Ex-Quebec premier Jean Charest to pilot aerospace industry relaunch plan

Christopher Reynolds, The Canadian Press

MONTREAL -- Canada's aerospace industry has appointed former Quebec premier Jean Charest to chart a new course for the sector.

The Aerospace Industries Association of Canada is putting Charest in the cockpit to coax funding commitments and a long-term plan from the federal government amid fears the country's star is fading.

"The industry has come to the conclusion that we sort of need a reset in terms of what the future of the industry is in Canada," Charest said in a phone interview from Paris.
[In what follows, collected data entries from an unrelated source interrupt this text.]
(* Let $G$ be a group, $H$ a finite index normal subgroup of $G$, $K$ a normal subgroup of $G$, and $g\in H$. Suppose $g$ has a minimal root $a$ in $G$ with respect to $K$, and let $\psi:G\to G/H$ be the quotient map. Then \[\nu(g;H,K\cap H)\ge \frac{\nu(g;G,K)}{o(\psi(a),G/H)}.\]
   Context: For a group $G$, a normal subgroup $K$ and $g\in G$, with $\pi:G\to G/K$ the quotient map: if $g\in K$, $\nu(g;G,K)$ is the supremum of the orders $o(\pi(a),G/K)$ over all $a\in G$ with $a^n=g$ for some integer $n$; if $g\notin K$, $\nu(g;G,K)$ is the supremum of all non-zero integers $n$ such that $g=a^n$ for some $a\in G$. When $\nu(g;G,K)$ is finite, a minimal root of $g$ in $G$ with respect to $K$ is an element $a\in G$ attaining this supremum (i.e. $a^n=g$ for some $n$ and $o(\pi(a),G/K)=\nu(g;G,K)$ if $g\in K$; $a^{\nu(g;G,K)}=g$ if $g\notin K$). $\nu(g;H,K\cap H)$ is defined in the same way inside $H$. $o(x,Q)$ denotes the order of $x$ in the group $Q$. *)

theory Defs
  imports "HOL-Algebra.Algebra" "HOL-Library.Extended_Real"
begin

text \<open>Order of an element as an extended real: infinite order is \<infinity>
  (group.ord returns 0 in that case).\<close>
definition ord_e :: "('a, 'b) monoid_scheme \<Rightarrow> 'a \<Rightarrow> ereal" where
  "ord_e G x = (if group.ord G x = 0 then \<infinity> else ereal (real (group.ord G x)))"

text \<open>\<nu>(g;G,K), with \<pi>(a) = K #> a in G Mod K.\<close>
definition nu :: "('a, 'b) monoid_scheme \<Rightarrow> 'a set \<Rightarrow> 'a \<Rightarrow> ereal" where
  "nu G K g =
     (if g \<in> K
      then Sup {ord_e (G Mod K) (K #>\<^bsub>G\<^esub> a) | a. a \<in> carrier G \<and> (\<exists>n::int. a [^]\<^bsub>G\<^esub> n = g)}
      else Sup {ereal (real_of_int n) | n::int. n \<noteq> 0 \<and> (\<exists>a\<in>carrier G. a [^]\<^bsub>G\<^esub> n = g)})"

definition min_root :: "('a, 'b) monoid_scheme \<Rightarrow> 'a set \<Rightarrow> 'a \<Rightarrow> 'a \<Rightarrow> bool" where
  "min_root G K g a \<longleftrightarrow>
     a \<in> carrier G \<and> \<bar>nu G K g\<bar> \<noteq> \<infinity> \<and>
     (if g \<in> K
      then (\<exists>n::int. a [^]\<^bsub>G\<^esub> n = g) \<and> ord_e (G Mod K) (K #>\<^bsub>G\<^esub> a) = nu G K g
      else (\<exists>n::int. ereal (real_of_int n) = nu G K g \<and> a [^]\<^bsub>G\<^esub> n = g))"

end

theory Submission
  imports Defs
begin

text \<open>Let m be the order of aH in the finite group G/H. Every exponent n with a^n \<in> H is
  a multiple of m, so b = a^m lies in H and g = b^(n/m) there. If g \<notin> K, this root bounds
  \<nu>(g;H,K\<inter>H) from below by n/m directly. If g \<in> K, the order of b(K\<inter>H) in H/(K\<inter>H) equals
  that of bK = (aK)^m in G/K, which is at least o(aK)/m.\<close>

lemma (in normal) rcos_nat_pow:
  "x \<in> carrier G \<Longrightarrow> (H #> x) [^]\<^bsub>G Mod H\<^esub> (k::nat) = H #> (x [^] k)"
  using hom_nat_pow[OF r_coset_hom_Mod _ is_group factorgroup_is_group] by simp

lemma (in normal) rcos_int_pow:
  "x \<in> carrier G \<Longrightarrow> (H #> x) [^]\<^bsub>G Mod H\<^esub> (k::int) = H #> (x [^] k)"
  using hom_int_pow[OF r_coset_hom_Mod _ is_group factorgroup_is_group] by simp

lemma (in normal) rcos_eq_self_iff:
  "y \<in> carrier G \<Longrightarrow> H #> y = H \<longleftrightarrow> y \<in> H"
  by (metis is_group rcos_const rcos_self subgroup_axioms)

lemma (in normal) rcos_in_Mod: "x \<in> carrier G \<Longrightarrow> H #> x \<in> carrier (G Mod H)"
  by (simp add: FactGroup_def rcosetsI subset)

lemma (in normal) nat_pow_mem_iff_ord_rcos_dvd:
  assumes "x \<in> carrier G"
  shows "x [^] (k::nat) \<in> H \<longleftrightarrow> group.ord (G Mod H) (H #> x) dvd k"
  using group.pow_eq_id[OF factorgroup_is_group rcos_in_Mod[OF assms], of k]
  by (simp add: assms rcos_nat_pow rcos_eq_self_iff)

lemma (in normal) int_pow_mem_iff_ord_rcos_dvd:
  assumes "x \<in> carrier G"
  shows "x [^] (k::int) \<in> H \<longleftrightarrow> int (group.ord (G Mod H) (H #> x)) dvd k"
  using group.int_pow_eq_id[OF factorgroup_is_group rcos_in_Mod[OF assms], of k]
  by (simp add: assms rcos_int_pow rcos_eq_self_iff)

lemma (in normal) pow_ord_rcos_mem:
  "x \<in> carrier G \<Longrightarrow> x [^] group.ord (G Mod H) (H #> x) \<in> H"
  by (simp add: nat_pow_mem_iff_ord_rcos_dvd)

lemma (in normal) subgroup_root_of_int_pow_mem:
  assumes x: "x \<in> carrier G" and "x [^] (n::int) \<in> H"
  obtains k where "n = int (group.ord (G Mod H) (H #> x)) * k"
    and "(x [^] group.ord (G Mod H) (H #> x)) [^]\<^bsub>G\<lparr>carrier := H\<rparr>\<^esub> k = x [^] n"
proof -
  let ?m = "group.ord (G Mod H) (H #> x)"
  obtain k where k: "n = int ?m * k"
    using assms int_pow_mem_iff_ord_rcos_dvd by blast
  have "(x [^] ?m) [^] k = x [^] n"
    by (simp add: k x int_pow_pow flip: int_pow_int)
  then show thesis
    using that[OF k] int_pow_consistent[OF subgroup_axioms pow_ord_rcos_mem[OF x]] by simp
qed

lemma (in normal) ord_rcos_Int_subgroup:
  assumes J: "subgroup J G" and b: "b \<in> J"
  shows "group.ord (G\<lparr>carrier := J\<rparr> Mod (H \<inter> J)) ((H \<inter> J) #>\<^bsub>G\<lparr>carrier := J\<rparr>\<^esub> b)
       = group.ord (G Mod H) (H #> b)"
proof -
  interpret HJ: normal "H \<inter> J" "G\<lparr>carrier := J\<rparr>"
    using normal_Int_subgroup[OF J] normal_axioms by blast
  have bJ: "b \<in> carrier (G\<lparr>carrier := J\<rparr>)" and bG: "b \<in> carrier G"
    using b subgroup.mem_carrier[OF J] by auto
  have "b [^]\<^bsub>G\<lparr>carrier := J\<rparr>\<^esub> k \<in> H \<inter> J \<longleftrightarrow> b [^] k \<in> H" for k :: nat
    using nat_pow_consistent[of b k J] HJ.nat_pow_closed[OF bJ, of k] by auto
  then show ?thesis
    using HJ.nat_pow_mem_iff_ord_rcos_dvd[OF bJ] nat_pow_mem_iff_ord_rcos_dvd[OF bG]
    by (metis dvd_antisym dvd_refl)
qed

lemma (in group) ord_e_div_le_ord_e_pow:
  assumes x: "x \<in> carrier G" and k: "0 < k"
  shows "ord_e G x / ereal (real k) \<le> ord_e G (x [^] k)"
proof (cases "ord (x [^] k) = 0")
  case True
  then show ?thesis by (simp add: ord_e_def)
next
  case False
  have "ord x dvd k * ord (x [^] k)"
    by (metis x pow_ord_eq_1 pow_eq_id nat_pow_closed nat_pow_pow)
  with False k have "ord x \<noteq> 0" "ord x \<le> k * ord (x [^] k)"
    by (auto simp: dvd_imp_le) (metis dvd_0_left_iff mult_is_0 neq0_conv)
  then have "real (ord x) / real k \<le> real (ord (x [^] k))"
    using k by (simp add: divide_le_eq mult.commute flip: of_nat_mult)
  then show ?thesis
    using False \<open>ord x \<noteq> 0\<close> k by (simp add: ord_e_def)
qed

lemma ord_e_le_nu:
  assumes "g \<in> K" "a \<in> carrier G" "a [^]\<^bsub>G\<^esub> (n::int) = g"
  shows "ord_e (G Mod K) (K #>\<^bsub>G\<^esub> a) \<le> nu G K g"
  unfolding nu_def using assms by (auto intro!: Sup_upper)

lemma exponent_le_nu:
  assumes "g \<notin> K" "n \<noteq> 0" "a \<in> carrier G" "a [^]\<^bsub>G\<^esub> (n::int) = g"
  shows "ereal (real_of_int n) \<le> nu G K g"
  unfolding nu_def using assms by (auto intro!: Sup_upper)

lemma (in normal) ord_e_div_ord_rcos_le_nu_Int:
  assumes K: "K \<lhd> G" and g: "g \<in> H" "g \<in> K"
    and a: "a \<in> carrier G" "a [^] (n::int) = g"
    and m: "0 < group.ord (G Mod H) (H #> a)"
  shows "ord_e (G Mod K) (K #> a) / ereal (real (group.ord (G Mod H) (H #> a)))
    \<le> nu (G\<lparr>carrier := H\<rparr>) (K \<inter> H) g"
proof -
  interpret K: normal K G by fact
  let ?m = "group.ord (G Mod H) (H #> a)"
  let ?b = "a [^] ?m"
  have b: "?b \<in> H" using pow_ord_rcos_mem[OF a(1)] .
  have "a [^] n \<in> H" unfolding a(2) by (rule g(1))
  then obtain k where "n = int ?m * k" and k: "?b [^]\<^bsub>G\<lparr>carrier := H\<rparr>\<^esub> k = a [^] n"
    by (rule subgroup_root_of_int_pow_mem[OF a(1)])
  have "ord_e (G Mod K) (K #> a) / ereal (real ?m) \<le> ord_e (G Mod K) ((K #> a) [^]\<^bsub>G Mod K\<^esub> ?m)"
    using group.ord_e_div_le_ord_e_pow[OF K.factorgroup_is_group K.rcos_in_Mod[OF a(1)] m] .
  also have "\<dots> = ord_e (G Mod K) (K #> ?b)"
    using K.rcos_nat_pow a by simp
  also have "\<dots> = ord_e (G\<lparr>carrier := H\<rparr> Mod (K \<inter> H)) ((K \<inter> H) #>\<^bsub>G\<lparr>carrier := H\<rparr>\<^esub> ?b)"
    unfolding ord_e_def K.ord_rcos_Int_subgroup[OF subgroup_axioms b] ..
  also have "\<dots> \<le> nu (G\<lparr>carrier := H\<rparr>) (K \<inter> H) g"
    using ord_e_le_nu[OF _ _ k] b g a(2) by simp
  finally show ?thesis .
qed

lemma (in normal) exponent_div_ord_rcos_le_nu_Int:
  assumes g: "g \<in> H" "g \<notin> K" and a: "a \<in> carrier G" "a [^] (n::int) = g" and n: "n \<noteq> 0"
  shows "ereal (real_of_int n) / ereal (real (group.ord (G Mod H) (H #> a)))
    \<le> nu (G\<lparr>carrier := H\<rparr>) (K \<inter> H) g"
proof -
  let ?m = "group.ord (G Mod H) (H #> a)"
  have "a [^] n \<in> H" unfolding a(2) by (rule g(1))
  then obtain k where nk: "n = int ?m * k" and k: "(a [^] ?m) [^]\<^bsub>G\<lparr>carrier := H\<rparr>\<^esub> k = a [^] n"
    by (rule subgroup_root_of_int_pow_mem[OF a(1)])
  with n have "?m \<noteq> 0" "k \<noteq> 0" by auto
  then have "ereal (real_of_int n) / ereal (real ?m) = ereal (real_of_int k)"
    by (simp add: nk)
  also have "\<dots> \<le> nu (G\<lparr>carrier := H\<rparr>) (K \<inter> H) g"
    using exponent_le_nu[OF _ \<open>k \<noteq> 0\<close> _ k] pow_ord_rcos_mem[OF a(1)] g a(2) by simp
  finally show ?thesis .
qed

theorem mainTheorem13:
  fixes G :: "('a, 'b) monoid_scheme" and H K :: "'a set" and g a :: 'a
  assumes "group G"
    and "H \<lhd> G"
    and "finite (carrier (G Mod H))"
    and "K \<lhd> G"
    and "g \<in> H"
    and "min_root G K g a"
  shows "nu (G\<lparr>carrier := H\<rparr>) (K \<inter> H) g \<ge> nu G K g / ord_e (G Mod H) (H #>\<^bsub>G\<^esub> a)"
proof -
  interpret normal H G by fact
  have a: "a \<in> carrier G" using assms(6) by (simp add: min_root_def)
  have m: "0 < group.ord (G Mod H) (H #>\<^bsub>G\<^esub> a)"
    using group.ord_ge_1[OF factorgroup_is_group assms(3) rcos_in_Mod[OF a]] by simp
  then have ord_e_m: "ord_e (G Mod H) (H #>\<^bsub>G\<^esub> a) = ereal (real (group.ord (G Mod H) (H #>\<^bsub>G\<^esub> a)))"
    by (simp add: ord_e_def)
  show ?thesis
  proof (cases "g \<in> K")
    case True
    with assms(6) obtain n :: int
      where n: "a [^]\<^bsub>G\<^esub> n = g" "nu G K g = ord_e (G Mod K) (K #>\<^bsub>G\<^esub> a)"
      unfolding min_root_def by auto
    show ?thesis
      using ord_e_div_ord_rcos_le_nu_Int[OF assms(4) assms(5) True a n(1) m] n(2) ord_e_m by simp
  next
    case False
    with assms(6) obtain n :: int where n: "a [^]\<^bsub>G\<^esub> n = g" "nu G K g = ereal (real_of_int n)"
      unfolding min_root_def by auto
    have "n \<noteq> 0"
      using n(1) False subgroup.one_closed[OF normal_imp_subgroup[OF assms(4)]] by auto
    show ?thesis
      using exponent_div_ord_rcos_le_nu_Int[OF assms(5) False a n(1) \<open>n \<noteq> 0\<close>] n(2) ord_e_m by simp
  qed
qed

end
"There is a sense that we're in a world where there's much more competition. And it's not that we're doing badly, but the world is really moving fast."

Charest, a former federal minister who served as premier of Quebec from 2003 to 2012, highlighted government's "very critical role" in funding, research and training for civil and defence aviation.

"The Trump administration has decided to create a new division for space," he noted, referring to a newly announced military branch the U.S. president has dubbed Space Force.

"We can't stand still," Charest said.

Jim Quick, president of the aerospace industry group, said Canada is "not keeping up" with the sector growth and innovation of countries such as France, Germany and the United States, which have long-term strategies in place.

Britain is targeting 10 per cent of the global space market within 12 years, he pointed out. Luxembourg aims to dig into space mining such as harvesting asteroid's for rare and precious metals.

Quick said the new initiative, called Vision 2025, will push Ottawa to include a long-term space plan in its budget next year, alongside a commitment to help provide advanced robotics for the Lunar Gateway -- described as a third-generation Canadarm.

Charest, a partner at the McCarthy Tetrault law firm, will lead discussions with government and industry officials in several cities, including Toronto, Montreal, Vancouver and Halifax, culminating in a report on aerospace priorities.

Aerospace leads Canada's manufacturing sector in innovation-related investment, spending over $1.8 billion on research and development in 2017 -- nearly one-quarter of total manufacturing research expenditures, according to the association.

Nonetheless, Ottawa's investments in space as a percentage of GDP have dropped to 18th globally from eighth place in 1992, according to the association. The sector's manufacturing employment has fallen by five per cent since 2012.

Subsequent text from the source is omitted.